Finding Ronin saved me. Absolutely saved my life. If I did not come in here, I'm not sure where I would be.

I was on a downward spiral. Walking into the beginner MMA class changed it all. I met Travis Davis and it did not take long to tell, just by the way he spoke and carried himself, that I had met a fellow soldier. I'm sure he doesn't remember this at all, but he put us through hell that day. I walked in way out of shape and he let me know it. At the end of class we sparred in the ring. He told the rest of the class to follow suit and watch how calm I was while being engaged. That sparked something in me. Walking in at 230lbs and no real experience under my belt, it meant the world that a coach and pro saw something in me. I walked out of class with a black eye and was proud as hell of it. Since that day I've tried to adopt Ronin as my second home. Just walking into RTC perks me up.

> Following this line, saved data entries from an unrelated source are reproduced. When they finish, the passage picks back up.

lemma flinear_Dder: "flinear Dder"
  by (simp add: flinear_def Dder_add Dder_scale)

lemma flinear_mult_left: "flinear (fmult a)"
  by (simp add: flinear_def fmult_add_right fmult_scale_right)

lemma flinear_mult_right: "flinear (\<lambda>f. fmult f b)"
  by (simp add: flinear_def fmult_add_left fmult_scale_left)

lemma flinear_mult_both: "flinear (\<lambda>f. fmult (fmult a f) b)"
  by (simp add: flinear_def fmult_add_left fmult_add_right fmult_scale_left fmult_scale_right)

lemma kspan_zero: "0 \<in> kspan S"
  using kspan.span_zero[of S] by (simp add: fzero_eq)

lemma kspan_add: "f \<in> kspan S \<Longrightarrow> g \<in> kspan S \<Longrightarrow> f + g \<in> kspan S"
  using kspan.span_add[of f S g] by (simp add: fadd_eq)

lemma kspan_sum: "(\<And>x. x \<in> F \<Longrightarrow> h x \<in> kspan S) \<Longrightarrow> sum h F \<in> kspan S"
  by (induction F rule: infinite_finite_induct) (auto simp: kspan_zero kspan_add)

lemma kspan_least:
  assumes "S \<subseteq> P" "0 \<in> P" "\<And>f g. f \<in> P \<Longrightarrow> g \<in> P \<Longrightarrow> f + g \<in> P"
    "\<And>c f. f \<in> P \<Longrightarrow> fscale c f \<in> P"
  shows "kspan S \<subseteq> P"
proof
  fix f assume "f \<in> kspan S"
  then show "f \<in> P"
  proof induction
    case span_zero show ?case unfolding fzero_eq by (rule assms(2))
  next
    case (span_gen s) then show ?case using assms(1) by blast
  next
    case (span_add f g) then show ?case unfolding fadd_eq using assms(3) by blast
  next
    case (span_scale f c) then show ?case using assms(4) by blast
  qed
qed

lemma kspan_map:
  assumes "flinear L" "f \<in> kspan S" "\<And>s. s \<in> S \<Longrightarrow> L s \<in> kspan T"
  shows "L f \<in> kspan T"
proof -
  have "kspan S \<subseteq> {f. L f \<in> kspan T}"
  proof (rule kspan_least)
    show "S \<subseteq> {f. L f \<in> kspan T}" using assms(3) by blast
    show "0 \<in> {f. L f \<in> kspan T}" using flinear_zero[OF assms(1)] by (simp add: kspan_zero)
    show "f + g \<in> {f. L f \<in> kspan T}" if "f \<in> {f. L f \<in> kspan T}" "g \<in> {f. L f \<in> kspan T}"
      for f g using that assms(1) by (simp add: flinear_def kspan_add)
    show "fscale c f \<in> {f. L f \<in> kspan T}" if "f \<in> {f. L f \<in> kspan T}" for c f
      using that assms(1) by (simp add: flinear_def kspan.span_scale)
  qed
  with assms(2) show ?thesis by blast
qed

lemma sum_fun_apply: "(sum h F) v = (\<Sum>x\<in>F. h x v)"
  by (induction F rule: infinite_finite_induct) auto

lemma kspan_subset: "S \<subseteq> kspan T \<Longrightarrow> kspan S \<subseteq> kspan T"
  using kspan_map[of id _ S T] by (auto simp: flinear_def)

I suffer from crippling anxiety. Getting panic attacks from just sitting on the steps trying to go to the grocery store kind of anxiety. Ronin pulls me out of that. It gives me the desire to get out and fight the anxiety, PTSD, whatever you want to call it. The caliber of coaching and the skill level of the person beside you will motivate you to do things you thought you couldn't. I had no clue how to throw a kick, or what the difference between a "darce" and "anaconda" choke were. I've learned so much about Martial Arts and all the work it truly takes to be proficient at your craft.

So I thank Ronin. I want to thank the staff and members. If it weren't for all of you, I would not be here to tell my story.